I’m sure you’ve all heard or read about the *alarming* news that recently surfaced. The initial news was put out to the U.S. as “running might cause future strokes or heart attacks”. Then, after carefully reading the stories, we learned that the science behind the claims meant extreme running or fitness. Emphasis on extreeeeeeme.
I first told my husband (who has been running for 25+ years) in annoyance, how can “they” tell a nation facing an obesity epidemic that running is bad? Preposterous. Ridiculous! I could just feel Bob Harper’s seething frustration from over on the other side of the country. When news like this surfaces, many of our fellow runners are able to smartly put things into perspective, calming everyone back down again.
Running will most likely not kill you any more or less than driving your car every day. Heart disease, cancer, stroke, and then car crashes are the top most causes of death in the United States. The argument is that extreme running causes problems for the heart that can then cause a stroke or heart attack. I think we all can assume the majority of stroke and heart disease high death rates in the national data are not from runners but from the sedentary and unfit sectors of the population as well as just those with bad luck genetics. In fact, looking at that stroke maps from the CDC, we can see that there are higher occurrences in certain sectors of the country. Obviously, those sectors do not have more extreme runners than other sectors (in fact, those sectors probably have less runners compared to the western sectors since those same sectors appear to have less physically active people).
Stroke data 2000-2006
2009 Age-Adjusted Estimates of the Percentage of Adults Who Are Physically Inactive
I am not an extreme runner and don’t believe I ever will be.
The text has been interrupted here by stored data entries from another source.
lemma incoherent_kraus_coherence_bound:
  fixes K :: "'i \<Rightarrow> cmat2"
  assumes pattern:
      "\<And>i. i \<in> I \<Longrightarrow> (K i $ 0 $ 0 = 0 \<or> K i $ 1 $ 0 = 0) \<and> (K i $ 0 $ 1 = 0 \<or> K i $ 1 $ 1 = 0)"
    and kraus: "(\<Sum>i\<in>I. cadj (K i) ** K i) = mat 1"
    and image: "(\<Sum>i\<in>I. K i ** real_sym2 p h q ** cadj (K i)) = real_sym2 p' h' q'"
    and psd: "0 \<le> p" "0 \<le> q" "h\<^sup>2 \<le> p * q"
  shows "\<bar>h'\<bar> \<le> \<bar>h\<bar> \<and> p * q * h'\<^sup>2 \<le> p' * q' * h\<^sup>2"
proof -
  define a b c d where "a i = K i $ 0 $ 0" and "b i = K i $ 0 $ 1"
    and "c i = K i $ 1 $ 0" and "d i = K i $ 1 $ 1" for i
  have K: "K i = mat2 (a i) (b i) (c i) (d i)" for i
    unfolding a_def b_def c_def d_def by (rule mat2_eta)
  define \<kappa> where "\<kappa> i = a i * cnj (d i) + b i * cnj (c i)" for i
  define P Q where "P i = Re (real_sym2_form p h q (a i) (b i) (a i) (b i))"
    and "Q i = Re (real_sym2_form p h q (c i) (d i) (c i) (d i))" for i
  have pattern': "(a i = 0 \<or> c i = 0) \<and> (b i = 0 \<or> d i = 0)" if "i \<in> I" for i
    using pattern[OF that] by (simp add: a_def b_def c_def d_def)
  have sum_P: "(\<Sum>i\<in>I. P i) = p'" and sum_Q: "(\<Sum>i\<in>I. Q i) = q'"
    using arg_cong[OF image, of "\<lambda>M. Re (M $ 0 $ 0)"] arg_cong[OF image, of "\<lambda>M. Re (M $ 1 $ 1)"]
    by (simp_all add: K mat2_conj_real_sym2 P_def Q_def)
  have "of_real h' = (\<Sum>i\<in>I. of_real h * \<kappa> i)"
    using arg_cong[OF image, of "\<lambda>M. M $ 0 $ 1"]
    by (simp add: K mat2_conj_real_sym2 \<kappa>_def real_sym2_form_offdiag_incoherent pattern'
        cong: sum.cong)
  then have "cmod (of_real h') = cmod (of_real h * (\<Sum>i\<in>I. \<kappa> i))"
    by (simp add: sum_distrib_left)
  then have h': "\<bar>h'\<bar> = \<bar>h\<bar> * cmod (\<Sum>i\<in>I. \<kappa> i)"
    by (simp add: norm_mult)
  define \<sigma> where "\<sigma> = (\<Sum>i\<in>I. cmod (\<kappa> i))"
  have h'_le: "\<bar>h'\<bar> \<le> \<bar>h\<bar> * \<sigma>"
    unfolding h' \<sigma>_def by (simp add: mult_left_mono norm_sum)
  have "\<sigma>\<^sup>2 \<le>
      (\<Sum>i\<in>I. (cmod (a i))\<^sup>2 + (cmod (c i))\<^sup>2) * (\<Sum>i\<in>I. (cmod (b i))\<^sup>2 + (cmod (d i))\<^sup>2)"
    unfolding \<sigma>_def by (rule sum_sq_le_mult_sum) (simp add: \<kappa>_def cmod_sq_le_column_norms)
  then have \<sigma>_le_1: "\<sigma> \<le> 1"
    using kraus_column_norms_sum[OF kraus] unfolding a_def b_def c_def d_def
    by (simp add: \<sigma>_def power_le_one_iff sum_nonneg abs_square_le_1)
  have \<sigma>_bound: "p * q * \<sigma>\<^sup>2 \<le> p' * q'"
  proof -
    have "(\<Sum>i\<in>I. sqrt (p * q) * cmod (\<kappa> i))\<^sup>2 \<le> (\<Sum>i\<in>I. P i) * (\<Sum>i\<in>I. Q i)"
      using psd pattern' by (intro sum_sq_le_mult_sum)
        (simp add: P_def Q_def \<kappa>_def real_sym2_form_diag_nonneg real_sym2_form_diag_prod_incoherent
          power_mult_distrib)
    then show ?thesis
      using psd by (simp add: \<sigma>_def sum_P sum_Q power_mult_distrib flip: sum_distrib_left)
  qed
  show ?thesis
    using h'_le \<sigma>_le_1 \<sigma>_bound psd(1,2) by (intro coherence_bound_of_factor) simp_all
qed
I will hopefully one day feel confident and physically capable of tackling a full marathon as a runner, but I am still a ways off from being physically ready. That would be the most “extreme” running I would ever do and might decide to go for it next year.
Running is my first love for fitness and I really enjoy the endurance, however I see myself as an athlete minus the word “extreme”. Feeling strong and notching off another mile on a run is so motivating to me. But, what is the main personal goal I have for myself? What is the main goal for most of us Mother Runners? When I really dig into my core feelings, I know my MAIN motivation is health and fitness – not champion. I understand I will never go to the Olympics and I also understand I will most likely never actually win a half or full marathon. Therefore, I realize that the most I will gain from any of this besides a sense of accomplishment is healthy fitness. I also want to do other fitness activities along with running, such as yoga and weight training. Runner’s World columnist Alex Hutchinson recently wrote a very good article discussing ultra marathoner Micah True’s death and how extreme running is different than what most of us do:
“I’ve certainly never met anyone who went on a six-hour run purely for the health benefits. Even once you get up to the marathon distance, people’s motivations usually transcend health.”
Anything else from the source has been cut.